Yanılgı, yanılgı değildir belki de
Yanılgı sakın olmasın ikilikte …

Ayrılığa inanmak mı bir illüzyon.
Ayrılığın kendisi mi?
İllüzyonun olduğunu düşünmek mi ayrılık?
Yoksa, gözle görünenin, asıl gerçek olduğunu söylemek mi?

Hayal-rüya-sihir ve ben aynı.
Sadece tezahürlerimiz farklı olmasın bu evrende.

Düşünceler, duygular, anılar, inançlar var içimde.
Bazen seslerini duymak istemediğim,
Bazen her şeyi bırakıp onlara teslim olduğum,
İçlerinde kaybolduğum…
Bazen kabullendiğim, bazen isyan ettiğim…
Olmak hali işte.

İnsanım nihayetinde, kendi çölümde kavrulan
Vahayı çöl sanıp serapla avunan.
Suyu, kurak toprakta,
Olanı olmayanda arayan

Çöl de ben, vaha da.
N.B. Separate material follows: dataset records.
text \<open>
  Both sides turn out to be equivalent to: \<open>P(S\<^sub>T > a) > P(dQ/dP \<le> \<delta>)\<close> for some
  \<open>a, \<delta> > 0\<close>. If this holds, a Markov-type estimate bounds \<open>E[S\<^sub>T Y]\<close> from below uniformly
  over all \<open>Y\<close> with the law of \<open>dQ/dP\<close>, which makes \<open>\<rho>\<close> finite, and likewise bounds
  \<open>E\<^sub>Q[Z] = E[Z dQ/dP]\<close> uniformly over all \<open>Z\<close> with the law of \<open>S\<^sub>T\<close>. If it fails, then
  \<open>P(S\<^sub>T > 0) \<le> P(dQ/dP = 0)\<close>, and nonatomicity lets us rearrange \<open>S\<^sub>T\<close> onto
  \<open>{dQ/dP = 0}\<close>, giving price \<open>0\<close>, and \<open>dQ/dP\<close> onto \<open>{S\<^sub>T = 0}\<close>, against which no position
  \<open>-1 + m S\<^sub>T/S\<^sub>0\<close> is acceptable, so \<open>\<rho>(-1) = \<infinity>\<close>. The rearrangements compose a quantile
  function with a uniform variable, built by repeated halving from Sierpinski's theorem that
  nonatomic measures take all intermediate values.
\<close>

section \<open>Nonatomic measures take all intermediate values\<close>

context finite_measure begin

lemma nonatomic_subset_le_divide_pow:
  assumes "nonatomic M" "A \<in> sets M" "measure M A > 0"
  shows "\<exists>C\<in>sets M. C \<subseteq> A \<and> 0 < measure M C \<and> measure M C \<le> measure M A / 2^n"
  using assms(2,3)
proof (induction n arbitrary: A)
  case 0
  then show ?case by auto
next
  case (Suc n)
  from assms(1) Suc.prems obtain B where B: "B \<in> sets M" "B \<subseteq> A" "0 < measure M B" "measure M B < measure M A"
    unfolding nonatomic_def by blast
  have diff: "measure M (A - B) = measure M A - measure M B"
    using B Suc.prems by (simp add: finite_measure_Diff)
  obtain C0 where C0: "C0 \<in> sets M" "C0 \<subseteq> A" "0 < measure M C0" "measure M C0 \<le> measure M A / 2"
  proof (cases "measure M B \<le> measure M A / 2")
    case True
    then show ?thesis using B that by blast
  next
    case False
    show ?thesis
      by (rule that[of "A - B"]) (use B Suc.prems diff False in auto)
  qed
  from Suc.IH[OF C0(1) C0(3)] obtain C where
    C: "C\<in>sets M" "C \<subseteq> C0" "0 < measure M C" "measure M C \<le> measure M C0 / 2^n"
    by blast
  have "measure M C0 / 2^n \<le> (measure M A / 2) / 2^n"
    using C0(4) by (intro divide_right_mono) auto
  then show ?case using C C0 by (intro bexI[of _ C]) auto
qed

lemma nonatomic_small_subset:
  assumes "nonatomic M" "A \<in> sets M" "measure M A > 0" "e > 0"
  shows "\<exists>C\<in>sets M. C \<subseteq> A \<and> 0 < measure M C \<and> measure M C < e"
proof -
  obtain n where n: "measure M A / e < 2 ^ n" using real_arch_pow[of 2] by auto
  then have "measure M A / 2^n < e" using assms(4) by (simp add: field_simps)
  then show ?thesis
    using nonatomic_subset_le_divide_pow[OF assms(1-3), of n] by (meson order.strict_trans1)
qed

lemma exists_half_maximal_subset:
  assumes "B \<in> sets M" "measure M B \<le> t"
  shows "\<exists>C\<in>sets M. C \<subseteq> A - B \<and> measure M C \<le> t - measure M B \<and>
     (\<forall>C'\<in>sets M. C' \<subseteq> A - B \<longrightarrow> measure M C' \<le> t - measure M B \<longrightarrow> measure M C' \<le> 2 * measure M C)"
proof -
  define cand where "cand = {measure M C | C. C \<in> sets M \<and> C \<subseteq> A - B \<and> measure M C \<le> t - measure M B}"
  have bdd: "bdd_above cand" unfolding cand_def by (auto intro!: bdd_aboveI[of _ "t - measure M B"])
  have "0 \<in> cand" using assms unfolding cand_def by (auto intro!: exI[of _ "{}"])
  have le_Sup: "measure M C' \<le> Sup cand"
    if "C' \<in> sets M" "C' \<subseteq> A - B" "measure M C' \<le> t - measure M B" for C'
    using that by (intro cSup_upper[OF _ bdd]) (auto simp: cand_def)
  show ?thesis
  proof (cases "Sup cand \<le> 0")
    case True
    then show ?thesis
      using assms by (intro bexI[of _ "{}"] conjI ballI impI) (auto intro: order_trans[OF le_Sup])
  next
    case False
    then have "Sup cand / 2 < Sup cand" by simp
    then obtain x where "x \<in> cand" "Sup cand / 2 < x"
      using less_cSup_iff[OF _ bdd] \<open>0 \<in> cand\<close> by blast
    then obtain C where "C \<in> sets M" "C \<subseteq> A - B" "measure M C \<le> t - measure M B" "Sup cand < 2 * measure M C"
      unfolding cand_def by auto
    then show ?thesis
      by (intro bexI[of _ C] conjI ballI impI) (auto intro: order_trans[OF le_Sup])
  qed
qed

lemma greedy_subset_sequence:
  assumes "0 \<le> t"
  obtains Bs where "\<And>n. Bs n \<in> sets M" "\<And>n. Bs n \<subseteq> A" "\<And>n. measure M (Bs n) \<le> t"
    "\<And>n. Bs n \<subseteq> Bs (Suc n)"
    "\<And>C n. C \<in> sets M \<Longrightarrow> C \<subseteq> A - Bs n \<Longrightarrow> measure M C \<le> t - measure M (Bs n) \<Longrightarrow>
      measure M C \<le> 2 * measure M (Bs (Suc n) - Bs n)"
proof -
  define admissible where "admissible B \<longleftrightarrow> B \<in> sets M \<and> B \<subseteq> A \<and> measure M B \<le> t" for B
  define greedy where "greedy B B' \<longleftrightarrow> B \<subseteq> B' \<and> (\<forall>C\<in>sets M. C \<subseteq> A - B \<longrightarrow>
    measure M C \<le> t - measure M B \<longrightarrow> measure M C \<le> 2 * measure M (B' - B))" for B B'
  have "\<exists>B'. admissible B' \<and> greedy B B'" if B: "admissible B" for B
  proof -
    obtain C where C: "C \<in> sets M" "C \<subseteq> A - B" "measure M C \<le> t - measure M B"
      and max: "\<forall>C'\<in>sets M. C' \<subseteq> A - B \<longrightarrow> measure M C' \<le> t - measure M B \<longrightarrow> measure M C' \<le> 2 * measure M C"
      using exists_half_maximal_subset[of B t A] B unfolding admissible_def by blast
    have "measure M (B \<union> C) = measure M B + measure M C"
      using C B unfolding admissible_def by (intro finite_measure_Union) auto
    moreover have "B \<union> C - B = C" using C by auto
    ultimately show ?thesis
      using B C max unfolding admissible_def greedy_def by (intro exI[of _ "B \<union> C"]) auto
  qed
  moreover have "admissible {}" using assms by (simp add: admissible_def)
  ultimately obtain Bs where adm: "\<And>n. admissible (Bs n)" and greedy: "\<And>n. greedy (Bs n) (Bs (Suc n))"
    using dependent_nat_choice[of "\<lambda>_. admissible" "\<lambda>_. greedy"] by blast
  have "Bs n \<in> sets M" "Bs n \<subseteq> A" "measure M (Bs n) \<le> t" for n
    using adm[of n] unfolding admissible_def by auto
  moreover have "Bs n \<subseteq> Bs (Suc n)" for n
    using greedy[of n] unfolding greedy_def by blast
  moreover have "measure M C \<le> 2 * measure M (Bs (Suc n) - Bs n)"
    if "C \<in> sets M" "C \<subseteq> A - Bs n" "measure M C \<le> t - measure M (Bs n)" for C n
    using greedy[of n] that unfolding greedy_def by blast
  ultimately show thesis by (rule that)
qed

text \<open>Sierpinski's theorem: the union of a greedy sequence has measure exactly \<open>t\<close>, since
  otherwise nonatomicity leaves a small set that the greedy steps would have had to pick up.\<close>
lemma nonatomic_subset_measure_eq:
  assumes na: "nonatomic M" and A: "A \<in> sets M" and t: "0 \<le> t" "t \<le> measure M A"
  shows "\<exists>B\<in>sets M. B \<subseteq> A \<and> measure M B = t"
proof -
  obtain Bs where Bs_sets: "\<And>n. Bs n \<in> sets M" "\<And>n. Bs n \<subseteq> A" "\<And>n. measure M (Bs n) \<le> t"
    and Bs_Suc: "\<And>n. Bs n \<subseteq> Bs (Suc n)"
    and Bs_half: "\<And>C n. C \<in> sets M \<Longrightarrow> C \<subseteq> A - Bs n \<Longrightarrow> measure M C \<le> t - measure M (Bs n) \<Longrightarrow>
      measure M C \<le> 2 * measure M (Bs (Suc n) - Bs n)"
    using greedy_subset_sequence[OF t(1), where A=A] by blast
  let ?B = "\<Union>n. Bs n"
  have inc: "incseq Bs" using Bs_Suc by (rule incseq_SucI)
  have B: "?B \<in> sets M" "?B \<subseteq> A" using Bs_sets by auto
  have lim: "(\<lambda>n. measure M (Bs n)) \<longlonglongrightarrow> measure M ?B"
    using Bs_sets inc by (intro Lim_measure_incseq) auto
  have B_le: "measure M ?B \<le> t"
    using Bs_sets by (intro LIMSEQ_le_const2[OF lim]) auto
  have "(\<lambda>n. measure M (Bs (Suc n)) - measure M (Bs n)) \<longlonglongrightarrow> measure M ?B - measure M ?B"
    by (intro tendsto_diff lim LIMSEQ_Suc[OF lim])
  moreover have "measure M (Bs (Suc n) - Bs n) = measure M (Bs (Suc n)) - measure M (Bs n)" for n
    using Bs_sets Bs_Suc by (intro finite_measure_Diff) auto
  ultimately have increments: "(\<lambda>n. measure M (Bs (Suc n) - Bs n)) \<longlonglongrightarrow> 0" by simp
  have "\<not> measure M ?B < t"
  proof
    assume lt: "measure M ?B < t"
    have "measure M (A - ?B) = measure M A - measure M ?B" using A B by (simp add: finite_measure_Diff)
    then obtain C where C: "C \<in> sets M" "C \<subseteq> A - ?B" "0 < measure M C" "measure M C < t - measure M ?B"
      using nonatomic_small_subset[OF na, of "A - ?B" "t - measure M ?B"] lt t A B by auto
    obtain n where n: "measure M (Bs (Suc n) - Bs n) < measure M C / 2"
      using order_tendstoD(2)[OF increments, of "measure M C / 2"] C(3)
      by (auto simp: eventually_sequentially)
    have "measure M (Bs n) \<le> measure M ?B" using B by (intro finite_measure_mono) auto
    then have "measure M C \<le> t - measure M (Bs n)" using C(4) by linarith
    moreover have "C \<subseteq> A - Bs n" using C(2) by blast
    ultimately have "measure M C \<le> 2 * measure M (Bs (Suc n) - Bs n)"
      using C(1) Bs_half by blast
    then show False using n by linarith
  qed
  then show ?thesis using B_le B by (intro bexI[of _ ?B]) auto
qed

end

section \<open>Uniform variables on nonatomic spaces\<close>

definition uniform_on :: "'a measure \<Rightarrow> 'a set \<Rightarrow> ('a \<Rightarrow> real) \<Rightarrow> bool" where
  "uniform_on M A U \<longleftrightarrow> U \<in> borel_measurable M \<and> (\<forall>x. 0 \<le> U x \<and> U x \<le> 1) \<and>
     (\<forall>t. 0 \<le> t \<longrightarrow> t \<le> 1 \<longrightarrow> measure M {x\<in>A. U x \<le> t} = t * measure M A)"

lemma card_dyadic_le:
  assumes "0 \<le> t"
  shows "real (card {k. k < 2^n \<and> real k / 2^n \<le> t}) \<le> t * 2^n + 1"
proof -
  define f where "f = nat \<lfloor>t * 2^n\<rfloor>"
  have "real f \<le> t * 2^n" unfolding f_def using assms by simp
  have "{k. k < 2^n \<and> real k / 2^n \<le> t} \<subseteq> {..f}"
    unfolding f_def by (auto intro!: le_nat_floor simp: field_simps)
  then have "card {k. k < 2^n \<and> real k / 2^n \<le> t} \<le> f + 1"
    using card_mono[of "{..f}"] by fastforce
  then show ?thesis using \<open>real f \<le> t * 2^n\<close> by linarith
qed

lemma card_dyadic_succ_ge:
  assumes "0 \<le> t" "t \<le> 1"
  shows "t * 2^n - 1 \<le> real (card {k. k < 2^n \<and> real k / 2^n + 1 / 2^n \<le> t})"
proof -
  define f where "f = nat \<lfloor>t * 2^n\<rfloor>"
  have f: "real f \<le> t * 2^n" "t * 2^n - 1 < real f"
    unfolding f_def using assms floor_correct[of "t * 2^n"] by auto
  have "{..<f} \<subseteq> {k. k < 2^n \<and> real k / 2^n + 1 / 2^n \<le> t}"
  proof
    fix k assume "k \<in> {..<f}"
    then have k1: "real k + 1 \<le> t * 2^n" using f by (simp add: Suc_leI flip: of_nat_Suc)
    moreover have "t * 2^n \<le> 2^n" using assms by simp
    ultimately have "real k < 2^n" by linarith
    then have "k < 2^n" by (metis of_nat_less_iff of_nat_numeral of_nat_power)
    moreover have "real k / 2^n + 1 / 2^n \<le> t" using k1 by (simp add: field_simps)
    ultimately show "k \<in> {k. k < 2^n \<and> real k / 2^n + 1 / 2^n \<le> t}" by auto
  qed
  then have "f \<le> card {k. k < 2^n \<and> real k / 2^n + 1 / 2^n \<le> t}"
    using card_mono[of "{k. k < 2^n \<and> real k / 2^n + 1 / 2^n \<le> t}" "{..<f}"] by auto
  then show ?thesis using f by linarith
qed

text \<open>Cell \<open>k\<close> of generation \<open>n\<close> corresponds to the dyadic interval \<open>[k/2^n, (k+1)/2^n)\<close>:
  cells \<open>2k\<close> and \<open>2k+1\<close> of the next generation are the halves \<open>H C\<close> and \<open>C - H C\<close> of cell \<open>k\<close>.\<close>
primrec dyadic_cells :: "('a set \<Rightarrow> 'a set) \<Rightarrow> 'a set \<Rightarrow> nat \<Rightarrow> nat \<Rightarrow> 'a set" where
  "dyadic_cells H A 0 k = (if k = 0 then A else {})"
| "dyadic_cells H A (Suc n) k = (if even k then H (dyadic_cells H A n (k div 2))
      else dyadic_cells H A n (k div 2) - H (dyadic_cells H A n (k div 2)))"

context finite_measure begin

context
  fixes H and A
  assumes halving: "\<And>C. C \<in> sets M \<Longrightarrow> H C \<in> sets M \<and> H C \<subseteq> C \<and> measure M (H C) = measure M C / 2"
    and A: "A \<in> sets M"
begin

lemma dyadic_cells_sets: "dyadic_cells H A n k \<in> sets M"
  by (induction n arbitrary: k) (auto simp: A halving)

lemma dyadic_cells_Suc_subset: "dyadic_cells H A (Suc n) k \<subseteq> dyadic_cells H A n (k div 2)"
  using halving[OF dyadic_cells_sets[of n "k div 2"]] by auto

lemma dyadic_cells_subset: "dyadic_cells H A n k \<subseteq> A"
proof (induction n arbitrary: k)
  case (Suc n) then show ?case using dyadic_cells_Suc_subset[of n k] by blast
qed auto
Serap da ben gerçek de.
Aradığım her ne ise o da ben.
O zaman, yakan güneşe-kuma öfkem niye?
Olmasın sakın oluş nedenim asıl reddettiğimde?
Cennetim belki de cehennemimde.

Her şeyin ‘bir’ olduğu anda ve yerde,
 Ne oluyorsa oluyor.

Yanılgı, yanılgı değildir belki de
Yanılgı sakın olmasın ikilikte…

Birlik, belki de ikilikten geçebilmekte.

Ne oluyorsa oluyor.
Olan her şey benim ‘öz’ olmam için oluyor…
Öz benden,
‘Ben’ sandığımdan vazgeçsem de akıyor,
Vazgeçmesem de.

Olma halleri içinde,
Her şey olması gerektiği için oluyor.